The state Department of Public Safety disagreed.
Internal investigations found he violated department policy in two strip searches in 2014. In both cases, women accused him of sexually assaulting them. The department fired Carabbacan in 2015.
He appealed his termination through a union grievance process, and a third-party arbitrator gave him back his job at the cellblock in 2016. At issue were differing interpretations of what exactly constitutes a strip search.
No one disputes that he searched and touched the women. The arbitrator only found that the department failed to prove he violated policy and the Sheriff Division’s standards of conduct.
Carabbacan’s behavior has gotten the state in legal trouble in the past.
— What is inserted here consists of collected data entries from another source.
lemma mem_Lset_iff:
  assumes "first_countable X" "z \<in> topspace X"
  shows "x \<in> Lset X e z \<longleftrightarrow> x \<in> {0..1} \<and>
    (\<forall>U. openin X U \<and> z \<in> U \<longrightarrow> (\<forall>\<epsilon>>0. \<exists>y\<in>breve e U. \<bar>y - x\<bar> < \<epsilon>))"
    (is "_ \<longleftrightarrow> _ \<and> ?approx")
proof
  assume "x \<in> Lset X e z"
  then obtain s where s: "\<forall>n. s n \<in> {0..<1}" "limitin X (\<lambda>n. e (s n)) z sequentially"
    "s \<longlonglongrightarrow> x" and "x \<in> {0..1}"
    unfolding Lset_def by blast
  have ?approx
  proof (intro allI impI)
    fix U and \<epsilon> :: real assume "openin X U \<and> z \<in> U" "\<epsilon> > 0"
    then have "eventually (\<lambda>n. e (s n) \<in> U) sequentially"
      using s(2) unfolding limitin_def by blast
    moreover have "eventually (\<lambda>n. dist (s n) x < \<epsilon>) sequentially"
      using s(3) \<open>\<epsilon> > 0\<close> by (rule tendstoD)
    ultimately have "eventually (\<lambda>n. s n \<in> breve e U \<and> \<bar>s n - x\<bar> < \<epsilon>) sequentially"
      by eventually_elim (use s(1) in \<open>auto simp: breve_def dist_real_def\<close>)
    then show "\<exists>y\<in>breve e U. \<bar>y - x\<bar> < \<epsilon>"
      using eventually_happens'[OF sequentially_bot] by blast
  qed
  with \<open>x \<in> {0..1}\<close> show "x \<in> {0..1} \<and> ?approx" ..
next
  assume rhs: "x \<in> {0..1} \<and> ?approx"
  have nbhd: "\<exists>y. e y \<in> U \<and> y \<in> {0..<1} \<and> \<bar>y - x\<bar> < 1 / real (Suc n)"
    if U: "openin X U" "z \<in> U" for n U
  proof -
    have "1 / real (Suc n) > 0" by simp
    then obtain y where "y \<in> breve e U" "\<bar>y - x\<bar> < 1 / real (Suc n)" using rhs U by blast
    then show ?thesis unfolding breve_def by blast
  qed
  obtain t where t: "\<forall>n. t n \<in> {0..<1} \<and> \<bar>t n - x\<bar> < 1 / real (Suc n)"
    and lim: "limitin X (\<lambda>n. e (t n)) z sequentially"
    using first_countable_sequence_into_neighbourhoods[where g = e and
          P = "\<lambda>n y. y \<in> {0..<1} \<and> \<bar>y - x\<bar> < 1 / real (Suc n)", OF assms nbhd] by blast
  have "(\<lambda>n. t n - x) \<longlonglongrightarrow> 0" using t by (intro LIMSEQ_norm_0) simp
  then have "t \<longlonglongrightarrow> x" by (rule Lim_null[THEN iffD2])
  moreover have "\<forall>n. t n \<in> {0..<1}" using t by blast
  ultimately show "x \<in> Lset X e z" using lim rhs unfolding Lset_def by blast
qed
In 2012, he was accused along with another sheriff and State Capitol security of roughing up a protester. The state settled that case for $100,000 in 2012.
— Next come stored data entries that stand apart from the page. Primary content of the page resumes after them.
text \<open>The distortion for normalised gains \<open>x = H\<^sub>0\<close>, \<open>y = \<Gamma>\<^sub>0\<close>: in outage (the channel
  cannot carry \<open>\<rho>\<^sup>r\<^sup>c\<close>, or the side information already makes the message useless) only
  the side information helps; otherwise the decoder also gets the source description.\<close>
definition sscc_loss :: "real \<Rightarrow> real \<Rightarrow> real \<Rightarrow> real \<Rightarrow> real \<Rightarrow> real" where
  "sscc_loss \<rho> rs rc x y =
    (if 1 + \<rho> * x \<le> \<rho> powr rc \<or> \<rho> powr rc \<le> 1 + (\<rho> powr (rs + rc) - 1) / (1 + \<rho> * y)
     then 1 / (\<rho> * y + 1) else 1 / (\<rho> * y + \<rho> powr (rs + rc)))"

lemma sscc_loss_bounds:
  assumes \<rho>: "\<rho> > 1" and s: "rs + rc \<ge> 0" and y: "y > 0"
  shows "0 \<le> sscc_loss \<rho> rs rc x y" "sscc_loss \<rho> rs rc x y \<le> 1"
    "1 / (\<rho> * y + \<rho> powr (rs + rc)) \<le> sscc_loss \<rho> rs rc x y"
proof -
  have "\<rho> powr (rs + rc) \<ge> 1" using \<rho> s by (simp add: ge_one_powr_ge_zero)
  moreover have "0 < \<rho> * y" using \<rho> y by simp
  ultimately show "0 \<le> sscc_loss \<rho> rs rc x y" "sscc_loss \<rho> rs rc x y \<le> 1"
      "1 / (\<rho> * y + \<rho> powr (rs + rc)) \<le> sscc_loss \<rho> rs rc x y"
    unfolding sscc_loss_def by (auto intro!: divide_left_mono)
qed

lemma scaled_rate_eq_log: "\<rho> > 0 \<Longrightarrow> c / 2 * log 2 \<rho> = 1 / 2 * log 2 (\<rho> powr c)"
  by (simp add: log_powr)

lemma ED_s_integrand_alt:
  "(let h = \<rho> * x; \<gamma> = \<rho> * y in
      D_d (Rs + Rc) \<gamma> * indicator (- outage_s Rs Rc) (h, \<gamma>)
    + D_d 0 \<gamma> * indicator (outage_s Rs Rc) (h, \<gamma>)) =
   (if Rc \<ge> 1 / 2 * log 2 (1 + \<rho> * x) \<or>
       Rc \<le> 1 / 2 * log 2 (1 + (2 powr (2 * (Rs + Rc)) - 1) / (1 + \<rho> * y))
    then 1 / (\<rho> * y + 2 powr (2 * 0)) else 1 / (\<rho> * y + 2 powr (2 * (Rs + Rc))))"
  unfolding D_d_def outage_s_def Let_def indicator_def by auto

lemma ED_s_integrand_eq:
  fixes rs rc :: real
  assumes \<rho>: "\<rho> > 1" and x: "x > 0" and y: "y > 0"
  defines "Rs \<equiv> rs / 2 * log 2 \<rho>" and "Rc \<equiv> rc / 2 * log 2 \<rho>"
  shows "(let h = \<rho> * x; \<gamma> = \<rho> * y in
           D_d (Rs + Rc) \<gamma> * indicator (- outage_s Rs Rc) (h, \<gamma>)
         + D_d 0 \<gamma> * indicator (outage_s Rs Rc) (h, \<gamma>)) = sscc_loss \<rho> rs rc x y"
proof -
  have sum: "2 powr (2 * (Rs + Rc)) = \<rho> powr (rs + rc)"
  proof -
    have "2 * (Rs + Rc) = log 2 \<rho> * (rs + rc)"
      unfolding Rs_def Rc_def by (simp add: algebra_simps)
    then show ?thesis using \<rho> by (simp add: powr_powr[symmetric])
  qed
  have z: "0 < 1 + (\<rho> powr (rs + rc) - 1) / (1 + \<rho> * y)"
  proof -
    have "1 + (\<rho> powr (rs + rc) - 1) / (1 + \<rho> * y) = (\<rho> * y + \<rho> powr (rs + rc)) / (1 + \<rho> * y)"
    proof -
      have "0 < 1 + \<rho> * y" using \<rho> y by (simp add: add_pos_pos)
      then show ?thesis by (simp add: field_simps)
    qed
    then show ?thesis using \<rho> y by (simp add: add_pos_pos)
  qed
  have Rc: "Rc = 1 / 2 * log 2 (\<rho> powr rc)"
    unfolding Rc_def using \<rho> by (rule scaled_rate_eq_log[OF order.strict_trans[OF zero_less_one]])
  have "0 < 1 + \<rho> * x" using \<rho> x by (simp add: add_pos_pos)
  then have channel: "(Rc \<ge> 1 / 2 * log 2 (1 + \<rho> * x)) \<longleftrightarrow> 1 + \<rho> * x \<le> \<rho> powr rc"
    using \<rho> unfolding Rc by simp
  have side: "(Rc \<le> 1 / 2 * log 2 (1 + (\<rho> powr (rs + rc) - 1) / (1 + \<rho> * y))) \<longleftrightarrow>
      \<rho> powr rc \<le> 1 + (\<rho> powr (rs + rc) - 1) / (1 + \<rho> * y)"
    using \<rho> z by (subst Rc) simp
  show ?thesis
    unfolding ED_s_integrand_alt sum channel side sscc_loss_def by simp
qed

text \<open>Since the gains are positive almost surely, the expected distortion is the integral of
  \<open>sscc_loss\<close> over the Nakagami law.\<close>
lemma ED_scaled_eq:
  assumes Lc: "Lc > 0" and Ls: "Ls > 0" and \<rho>: "\<rho> > 1" and s: "rs + rc \<ge> 0"
  shows "ED_scaled Lc Ls rs rc \<rho> =
    enn2real (\<integral>\<^sup>+p. ennreal (sscc_loss \<rho> rs rc (fst p) (snd p)) \<partial>nakagami_law Lc Ls)"
proof -
  define Rs Rc where "Rs = rs / 2 * log 2 \<rho>" and "Rc = rc / 2 * log 2 \<rho>"
  define F where "F p = (let h = \<rho> * fst p; \<gamma> = \<rho> * snd p in
      D_d (Rs + Rc) \<gamma> * indicator (- outage_s Rs Rc) (h, \<gamma>)
    + D_d 0 \<gamma> * indicator (outage_s Rs Rc) (h, \<gamma>))" for p :: "real \<times> real"
  have F: "AE p in nakagami_law Lc Ls. F p = sscc_loss \<rho> rs rc (fst p) (snd p)"
    using AE_nakagami_pos[OF Lc Ls]
  proof eventually_elim
    case (elim p)
    then show ?case
      using ED_s_integrand_eq[OF \<rho>, of "fst p" "snd p" rs rc] unfolding F_def Rs_def Rc_def by simp
  qed
  have meas: "F \<in> borel_measurable (nakagami_law Lc Ls)"
    unfolding F_def[abs_def] ED_s_integrand_alt by (intro measurable_nakagami_law) measurable
  have nonneg: "AE p in nakagami_law Lc Ls. 0 \<le> F p"
    using F AE_nakagami_pos[OF Lc Ls]
    by eventually_elim (simp add: sscc_loss_bounds(1)[OF \<rho> s])
  have "ED_scaled Lc Ls rs rc \<rho> = (\<integral>p. F p \<partial>nakagami_law Lc Ls)"
    unfolding ED_scaled_def ED_s_def F_def Rs_def Rc_def ..
  also have "\<dots> = enn2real (\<integral>\<^sup>+p. ennreal (F p) \<partial>nakagami_law Lc Ls)"
    by (rule integral_eq_nn_integral[OF meas nonneg])
  also have "(\<integral>\<^sup>+p. ennreal (F p) \<partial>nakagami_law Lc Ls) =
      (\<integral>\<^sup>+p. ennreal (sscc_loss \<rho> rs rc (fst p) (snd p)) \<partial>nakagami_law Lc Ls)"
  proof (rule nn_integral_cong_AE)
    show "AE p in nakagami_law Lc Ls. ennreal (F p) = ennreal (sscc_loss \<rho> rs rc (fst p) (snd p))"
      by (rule eventually_mono[OF F]) simp
  qed
  finally show ?thesis .
qed

lemma ED_scaled_lower:
  assumes Lc: "Lc > 0" and Ls: "Ls > 0" and \<rho>: "\<rho> > 1" and s: "rs + rc \<ge> 0"
    and f: "\<And>x y. 0 < x \<Longrightarrow> 0 < y \<Longrightarrow> f x y \<le> sscc_loss \<rho> rs rc x y"
    and v: "v \<ge> 0" "ennreal v \<le> (\<integral>\<^sup>+p. ennreal (f (fst p) (snd p)) \<partial>nakagami_law Lc Ls)"
  shows "v \<le> ED_scaled Lc Ls rs rc \<rho>"
proof -
  let ?I = "\<integral>\<^sup>+p. ennreal (sscc_loss \<rho> rs rc (fst p) (snd p)) \<partial>nakagami_law Lc Ls"
  have "(\<integral>\<^sup>+p. ennreal (f (fst p) (snd p)) \<partial>nakagami_law Lc Ls) \<le> ?I"
    by (intro nn_integral_mono_AE eventually_mono[OF AE_nakagami_pos[OF Lc Ls]])
       (auto intro!: ennreal_leI f)
  with v(2) have "ennreal v \<le> ?I" by (rule order_trans)
  moreover have "?I \<le> (\<integral>\<^sup>+p. 1 \<partial>nakagami_law Lc Ls)"
    by (intro nn_integral_mono_AE eventually_mono[OF AE_nakagami_pos[OF Lc Ls]])
       (simp add: sscc_loss_bounds(2)[OF \<rho> s])
  ultimately have "enn2real (ennreal v) \<le> enn2real ?I"
    using nakagami_total[OF Lc Ls] ennreal_one_less_top
    by (intro enn2real_mono) (auto intro: le_less_trans)
  then show ?thesis
    using v(1) ED_scaled_eq[OF Lc Ls \<rho> s] by simp
qed

lemma ED_scaled_upper:
  assumes Lc: "Lc > 0" and Ls: "Ls > 0" and \<rho>: "\<rho> > 1" and s: "rs + rc \<ge> 0"
    and f: "\<And>x y. 0 < x \<Longrightarrow> 0 < y \<Longrightarrow> sscc_loss \<rho> rs rc x y \<le> f x y"
    and v: "v \<ge> 0" "(\<integral>\<^sup>+p. ennreal (f (fst p) (snd p)) \<partial>nakagami_law Lc Ls) \<le> ennreal v"
  shows "ED_scaled Lc Ls rs rc \<rho> \<le> v"
proof -
  have "(\<integral>\<^sup>+p. ennreal (sscc_loss \<rho> rs rc (fst p) (snd p)) \<partial>nakagami_law Lc Ls) \<le>
      (\<integral>\<^sup>+p. ennreal (f (fst p) (snd p)) \<partial>nakagami_law Lc Ls)"
    by (intro nn_integral_mono_AE eventually_mono[OF AE_nakagami_pos[OF Lc Ls]])
       (auto intro!: ennreal_leI f)
  then have "(\<integral>\<^sup>+p. ennreal (sscc_loss \<rho> rs rc (fst p) (snd p)) \<partial>nakagami_law Lc Ls) \<le> ennreal v"
    using v(2) by (rule order_trans)
  then show ?thesis
    using v(1) ED_scaled_eq[OF Lc Ls \<rho> s] by (simp add: enn2real_leI)
qed

section \<open>Polynomial decay and its exponent\<close>

definition log_decay :: "(real \<Rightarrow> real) \<Rightarrow> real \<Rightarrow> real" where
  "log_decay f \<rho> = - ln (f \<rho>) / ln \<rho>"

definition power_lower_bound :: "(real \<Rightarrow> real) \<Rightarrow> real \<Rightarrow> bool" where
  "power_lower_bound f e \<longleftrightarrow> (\<exists>C>0. eventually (\<lambda>\<rho>. C * \<rho> powr (- e) \<le> f \<rho>) at_top)"

definition power_upper_bound :: "(real \<Rightarrow> real) \<Rightarrow> real \<Rightarrow> bool" where
  "power_upper_bound f e \<longleftrightarrow> (\<exists>C>0. eventually (\<lambda>\<rho>. f \<rho> \<le> C * \<rho> powr (- e)) at_top)"

text \<open>Constant factors are invisible on the logarithmic scale.\<close>
lemma tendsto_const_over_ln: "((\<lambda>\<rho>::real. c / ln \<rho>) \<longlongrightarrow> 0) at_top"
  by (rule tendsto_divide_0[OF tendsto_const filterlim_at_top_imp_at_infinity[OF ln_at_top]])

lemma log_decay_le_of_lower_bound:
  assumes "C > 0" and "\<rho> > 1" and "C * \<rho> powr (- e) \<le> f \<rho>"
  shows "log_decay f \<rho> \<le> e - ln C / ln \<rho>" and "0 < f \<rho>"
proof -
  have p: "0 < C * \<rho> powr (- e)" using assms by simp
  then show pos: "0 < f \<rho>" using assms(3) by linarith
  have "ln (C * \<rho> powr (- e)) \<le> ln (f \<rho>)" using assms(3) p by simp
  then have "ln C - e * ln \<rho> \<le> ln (f \<rho>)" using assms by (simp add: ln_mult ln_powr)
  moreover have "ln \<rho> > 0" using assms by simp
  ultimately show "log_decay f \<rho> \<le> e - ln C / ln \<rho>"
    unfolding log_decay_def by (simp add: field_simps)
qed

lemma log_decay_ge_of_upper_bound:
  assumes "C > 0" and "\<rho> > 1" and "0 < f \<rho>" and "f \<rho> \<le> C * \<rho> powr (- e)"
  shows "e - ln C / ln \<rho> \<le> log_decay f \<rho>"
proof -
  have "ln (f \<rho>) \<le> ln (C * \<rho> powr (- e))" using assms(3,4) by simp
  then have "ln (f \<rho>) \<le> ln C - e * ln \<rho>" using assms by (simp add: ln_mult ln_powr)
  moreover have "ln \<rho> > 0" using assms by simp
  ultimately have "(e * ln \<rho> - ln C) / ln \<rho> \<le> - ln (f \<rho>) / ln \<rho>"
    by (intro divide_right_mono) auto
  moreover have "(e * ln \<rho> - ln C) / ln \<rho> = e - ln C / ln \<rho>"
    using \<open>ln \<rho> > 0\<close> by (simp add: field_simps)
  ultimately show ?thesis unfolding log_decay_def by simp
qed

lemma power_lower_bound_eventually:
  assumes "power_lower_bound f e" and "a > e"
  shows "eventually (\<lambda>\<rho>. log_decay f \<rho> < a \<and> 0 < f \<rho>) at_top"
proof -
  obtain C where C: "C > 0" and ev: "eventually (\<lambda>\<rho>. C * \<rho> powr (- e) \<le> f \<rho>) at_top"
    using assms(1) unfolding power_lower_bound_def by blast
  have "((\<lambda>\<rho>. e - ln C / ln \<rho>) \<longlongrightarrow> e - 0) at_top"
    by (intro tendsto_intros tendsto_const_over_ln)
  then have "eventually (\<lambda>\<rho>. e - ln C / ln \<rho> < a) at_top"
    using assms(2) by (simp add: order_tendstoD(2))
  with ev eventually_gt_at_top[of 1] show ?thesis
  proof eventually_elim
    case (elim \<rho>)
    then show ?case using log_decay_le_of_lower_bound[where f = f, OF C elim(2,1)] by linarith
  qed
qed

lemma power_lower_bound_limit:
  assumes "power_lower_bound f e" and "(log_decay f \<longlongrightarrow> l) at_top"
  shows "l \<le> e"
proof (rule ccontr)
  assume "\<not> l \<le> e"
  then have "e < (l + e) / 2" "(l + e) / 2 < l" by simp_all
  have "eventually (\<lambda>\<rho>. log_decay f \<rho> < (l + e) / 2) at_top"
    by (rule eventually_mono[OF power_lower_bound_eventually[OF assms(1) \<open>e < (l + e) / 2\<close>]]) simp
  moreover have "eventually (\<lambda>\<rho>. (l + e) / 2 < log_decay f \<rho>) at_top"
    by (rule order_tendstoD(1)[OF assms(2) \<open>(l + e) / 2 < l\<close>])
  ultimately have "eventually (\<lambda>_. False) (at_top :: real filter)"
    by eventually_elim simp
  then show False by simp
qed

lemma power_upper_bound_mono:
  assumes "power_upper_bound f e" and "e' \<le> e"
  shows "power_upper_bound f e'"
proof -
  obtain C where C: "C > 0" and ev: "eventually (\<lambda>\<rho>. f \<rho> \<le> C * \<rho> powr (- e)) at_top"
    using assms(1) unfolding power_upper_bound_def by blast
  have "eventually (\<lambda>\<rho>. f \<rho> \<le> C * \<rho> powr (- e')) at_top"
    using ev eventually_ge_at_top[of 1]
  proof eventually_elim
    case (elim \<rho>)
    have "\<rho> powr (- e) \<le> \<rho> powr (- e')" using elim assms(2) by (intro powr_mono) auto
    then show ?case using elim C by (smt (verit) mult_left_mono)
  qed
  then show ?thesis unfolding power_upper_bound_def using C by blast
qed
In 2019, one of his accusers from 2014 sued him and DPS. But a circuit court judge dismissed most of the claims against the state because the statute of limitations had expired.
A jury awarded another of his accusers more than $7 million in damages Friday in a 2017 case against Carabbacan and the department.
Carabbacan said he didn’t retain an attorney in the case because he felt justified in what he did.
“I feel my record is clean,” he told Civil Beat Friday. “I have nothing to hide.”
DPS officials declined an interview for this story and referred questions about the case to the Attorney General’s Office. Deputy Attorney General Marie Gavigan, the state’s attorney, declined to comment on the case Friday morning and didn’t return a phone message after the jury’s verdict Friday afternoon.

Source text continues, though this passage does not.